Face the Snark
for the week ending 12/16/06:
Helen Sinclair: No, no, don't speak. Don't speak. Please don't speak. Please don't speak.
– "Bullets Over Broadway"
Well, it would be a rare week indeed during the Bush administration that didn't find me in front of the television screaming "ARE YOU OUT OF YOUR F**KING MIND?" at least once. And this week was no exception. With their poll numbers dropping faster than Britney Spears' panties, the Bushes and their "friends" have been in top form, highlighting their mental disconnect from reality with a rococo flourish.
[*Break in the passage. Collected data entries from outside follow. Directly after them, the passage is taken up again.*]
lemma (in prob_space) abs_integral_le_bound:
  fixes f :: "'a \<Rightarrow> real"
  assumes "f \<in> borel_measurable M" "\<And>x. x \<in> space M \<Longrightarrow> \<bar>f x\<bar> \<le> B"
  shows "\<bar>\<integral>x. f x \<partial>M\<bar> \<le> B"
proof -
  have "\<bar>\<integral>x. f x \<partial>M\<bar> \<le> (\<integral>x. \<bar>f x\<bar> \<partial>M)" by (rule integral_abs_bound)
  also have "\<dots> \<le> B"
    using assms by (intro integral_le_const integrable_bounded[where B=B] AE_I2) auto
  finally show ?thesis .
qed

lemma (in prob_space) integral_suminf_weighted_bounded:
  fixes w :: "nat \<Rightarrow> real" and g :: "nat \<Rightarrow> 'a \<Rightarrow> real"
  assumes "summable w" "\<And>t. 0 \<le> w t"
    and "\<And>t. g t \<in> borel_measurable M" "\<And>t x. x \<in> space M \<Longrightarrow> \<bar>g t x\<bar> \<le> B"
  shows "(\<integral>x. (\<Sum>t. w t * g t x) \<partial>M) = (\<Sum>t. w t * (\<integral>x. g t x \<partial>M))"
proof -
  have "(\<integral>x. (\<Sum>t. w t * g t x) \<partial>M) = (\<Sum>t. \<integral>x. w t * g t x \<partial>M)"
  proof (rule integral_suminf)
    show "integrable M (\<lambda>x. w t * g t x)" for t
      using assms by (intro integrable_mult_right integrable_bounded) auto
    show "AE x in M. summable (\<lambda>t. norm (w t * g t x))"
      using assms by (intro AE_I2 summable_norm_weighted_bounded) auto
    have "\<bar>\<integral>x. norm (w t * g t x) \<partial>M\<bar> \<le> w t * \<bar>B\<bar>" for t
      using assms by (intro abs_integral_le_bound)
                     (auto simp: abs_mult intro!: mult_left_mono order_trans[OF _ abs_ge_self])
    then show "summable (\<lambda>t. \<integral>x. norm (w t * g t x) \<partial>M)"
      by (intro summable_comparison_test'[OF summable_mult2[OF assms(1)]]) auto
  qed
  then show ?thesis by simp
qed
In an interview with People Magazine this week, the Bushes revealed far more about themselves than I think even they might have intended.
Laura Bush, in fine Tupperware party fashion, managed to cut off her husband's other wife at the knees:
The President also said there is no doubt in his mind that a woman candidate could be president, and the First Lady agreed. Mrs. Bush referenced Secretary of State Condoleezza Rice and noted that while she would be a "really good candidate", Rice is not interested in the job.
"Probably because she is single, her parents are no longer living, she's an only child. You need a very supportive family and supportive friends to have this job," the First Lady said.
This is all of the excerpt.